Clinical Performance of the AllplexTM Respiratory Panel 1 Test Compared to SimplexaTM Flu A/B and RSV for Detection of Influenza Virus and Respiratory Syncytial Virus Infection Including Their Subtyping.

OBJECTIVE

TheAllplexTM Respiratory Panel 1 (ARP) is a new assay based on a real-time polymerase chain reaction (RT-PCR) for the detection of influenza A (Flu A), influenza B virus (Flu B), and respiratory syncytial virus (RSV), including subtyping by multiple detection temperature (MuDT) technology. We evaluated the performance of the Allplex Respiratory Panel compared to the SimplexaTM Flu A/B & RSV assay (SP) and other diagnostic tools.

MATERIALS AND METHODS

A total of 372 samples were collected from patients at the Korea University Guro Hospital in Seoul, Korea.
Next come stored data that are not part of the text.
(* For all integers $k\ge4$ and $n\ge1$, $$\chi''_c(G_{k,n})\le k+1+\frac{1}{2n}.$$
   Context: A half-edge has exactly one end vertex. Let $H_k$ be obtained from $K_{k,k}$ by deleting one vertex but keeping its $k$ incident edges as half-edges, and let $H'_k$ be obtained from $H_k$ by deleting $k-2$ of its half-edges. Let $B_1,\ldots,B_n$ be copies of $H'_k$ with half-edges $f_i,f'_i$ in $B_i$, and let $B_0$ be a single vertex $u$ with two half-edges $f_0,f'_{n+1}$. $G_{k,n}$ is obtained from the disjoint union of $B_0,\ldots,B_n$ by joining $f_i$ and $f'_{i+1}$ into an edge for each $0\le i\le n$. For integers $p\ge q\ge1$, a $(p,q)$-total colouring of a graph assigns colours in $\{0,\ldots,p-1\}$ to vertices and edges such that $q\le|c(a)-c(b)|\le p-q$ whenever $a,b$ are adjacent vertices, edges sharing an end, or an incident vertex–edge pair; $\chi''_c(G)=\inf\{p/q\mid G \text{ has a } (p,q)\text{-total colouring}\}$. *)

theory Defs
  imports Complex_Main
begin

text \<open>Simple graphs are given by a vertex set V and an edge set E of 2-element subsets of V.\<close>

definition col_ok :: "nat \<Rightarrow> nat \<Rightarrow> nat \<Rightarrow> nat \<Rightarrow> bool" where
  "col_ok p q a b \<longleftrightarrow>
     int q \<le> \<bar>int a - int b\<bar> \<and> \<bar>int a - int b\<bar> \<le> int p - int q"

definition pq_total_colouring ::
  "'v set \<Rightarrow> 'v set set \<Rightarrow> nat \<Rightarrow> nat \<Rightarrow> ('v \<Rightarrow> nat) \<Rightarrow> ('v set \<Rightarrow> nat) \<Rightarrow> bool" where
  "pq_total_colouring V E p q cv ce \<longleftrightarrow>
     (\<forall>v\<in>V. cv v < p) \<and> (\<forall>e\<in>E. ce e < p) \<and>
     (\<forall>u\<in>V. \<forall>v\<in>V. {u, v} \<in> E \<longrightarrow> col_ok p q (cv u) (cv v)) \<and>
     (\<forall>e\<in>E. \<forall>e'\<in>E. e \<noteq> e' \<and> e \<inter> e' \<noteq> {} \<longrightarrow> col_ok p q (ce e) (ce e')) \<and>
     (\<forall>v\<in>V. \<forall>e\<in>E. v \<in> e \<longrightarrow> col_ok p q (cv v) (ce e))"

definition circ_total_chromatic :: "'v set \<Rightarrow> 'v set set \<Rightarrow> real" where
  "circ_total_chromatic V E =
     Inf {real p / real q | p q. 1 \<le> q \<and> q \<le> p \<and>
            (\<exists>cv ce. pq_total_colouring V E p q cv ce)}"

text \<open>Vertices of G_{k,n}: the vertex u of B_0; in block B_i (1 \<le> i \<le> n) the side
  A i j (j < k) of K_{k,k} that keeps all its vertices, and the side Bv i j (j < k-1)
  from which one vertex was deleted. The two surviving half-edges of B_i are at
  A i 0 (half-edge f'_i) and A i 1 (half-edge f_i).\<close>
datatype gvert = U | A nat nat | Bv nat nat

definition G_V :: "nat \<Rightarrow> nat \<Rightarrow> gvert set" where
  "G_V k n = {U} \<union> {A i j | i j. 1 \<le> i \<and> i \<le> n \<and> j < k}
                 \<union> {Bv i j | i j. 1 \<le> i \<and> i \<le> n \<and> j < k - 1}"

definition G_E :: "nat \<Rightarrow> nat \<Rightarrow> gvert set set" where
  "G_E k n =
     {{A i j, Bv i l} | i j l. 1 \<le> i \<and> i \<le> n \<and> j < k \<and> l < k - 1}
     \<union> {{U, A 1 0}}
     \<union> {{A i 1, A (Suc i) 0} | i. 1 \<le> i \<and> i < n}
     \<union> {{A n 1, U}}"

end

theory Submission
  imports Defs
begin

text \<open>Encode the colour c q + s of the circle of length (k + 1) q + 1, q = 2 n, as the
  slot (c, s) with class c \<le> k and shift s \<le> q. Two slot colours are at circular distance at
  least q when the classes differ by at least 2, or by exactly 1 and the shifts are ordered
  accordingly, or coincide and the shifts are 0 and q; classes 0 and k are close only across the
  one spare colour, so there the shifts may be out of order by 1. Block B_i is coloured like the
  classical (k + 1)-total colouring of K_{k,k}, the edge A_j B_l getting class j + l mod k and the
  B-side vertices class k, with all shifts in {2i - 2, 2i - 1}; the edge joining B_i to B_{i+1}
  gets class k and shift 2i. So the shift grows by 2 per block, and the cycle closes at u, whose
  two edges have class k and shifts 0 and 2n = q.\<close>

fun slot_colour :: "nat \<Rightarrow> nat \<times> nat \<Rightarrow> nat" where
  "slot_colour q (c, s) = c * q + s"

fun valid_slot :: "nat \<Rightarrow> nat \<Rightarrow> nat \<times> nat \<Rightarrow> bool" where
  "valid_slot k q (c, s) \<longleftrightarrow> c \<le> k \<and> s \<le> q"

fun slot_compatible :: "nat \<Rightarrow> nat \<Rightarrow> nat \<times> nat \<Rightarrow> nat \<times> nat \<Rightarrow> bool" where
  "slot_compatible k q (c1, s1) (c2, s2) \<longleftrightarrow>
     (c1 = c2 \<longrightarrow> s1 = 0 \<and> s2 = q \<or> s1 = q \<and> s2 = 0) \<and>
     (c1 = Suc c2 \<longrightarrow> s2 \<le> s1) \<and> (c2 = Suc c1 \<longrightarrow> s1 \<le> s2) \<and>
     (c1 = c2 + k \<longrightarrow> s1 \<le> s2 + 1) \<and> (c2 = c1 + k \<longrightarrow> s2 \<le> s1 + 1)"

lemma slot_colour_less:
  assumes "valid_slot k q a"
  shows "slot_colour q a < (k + 1) * q + 1"
proof (cases a)
  case (Pair c s)
  with assms have "c * q + s \<le> k * q + q" by (auto intro: add_mono mult_le_mono1)
  with Pair show ?thesis by simp
qed

lemma col_ok_slot_colour_ordered:
  assumes "1 \<le> k" "c2 < c1" "c1 \<le> k" "s1 \<le> q" "s2 \<le> q"
    "c1 = Suc c2 \<Longrightarrow> s2 \<le> s1" "c1 = c2 + k \<Longrightarrow> s1 \<le> s2 + 1"
  shows "col_ok ((k + 1) * q + 1) q (c1 * q + s1) (c2 * q + s2)"
proof -
  obtain d where d: "c1 = c2 + d" "1 \<le> d" "d \<le> k" using assms by (intro that[of "c1 - c2"]) auto
  have diff: "int (c1 * q + s1) - int (c2 * q + s2) = int d * int q + int s1 - int s2"
    using d by (simp add: algebra_simps)
  have "int q \<le> int d * int q + int s1 - int s2"
  proof (cases "d = 1")
    case False
    then have "2 * int q \<le> int d * int q" using d by (intro mult_right_mono) auto
    with assms show ?thesis by linarith
  qed (use assms d in simp)
  moreover have "int d * int q + int s1 - int s2 \<le> int k * int q + 1"
  proof (cases "d = k")
    case False
    then have "(int d + 1) * int q \<le> int k * int q" using d by (intro mult_right_mono) auto
    with assms show ?thesis by (simp add: algebra_simps)
  qed (use assms d in simp)
  ultimately show ?thesis unfolding col_ok_def diff by (simp add: algebra_simps)
qed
All samples were tested for influenza virus and RSV by ARP, SP, and an in-house RT-PCR.

RESULTS

The sensitivity of ARP was 95.56, 100, and 95.24% for Flu A, Flu B, and RSV, respectively. The specificity of ARP was 100, 100, and 100% for Flu A, Flu B, and RSV, respectively. SP had sensitivities and specificities of 98.89 and 100% for Flu A, 100 and 100% for Flu B, and 100 and 100% for RSV.

CONCLUSION

The Allplex panelshowed high sensitivity, specificity, positive predictive, and negative predictive values for the detection of Flu A, Flu B, and RSV. This assay is fast and easy to perform because it takes only about 150 min and there is no need for post-PCR electrophoresis. The ARP can be used as a reliable and convenient assay in clinical laboratories.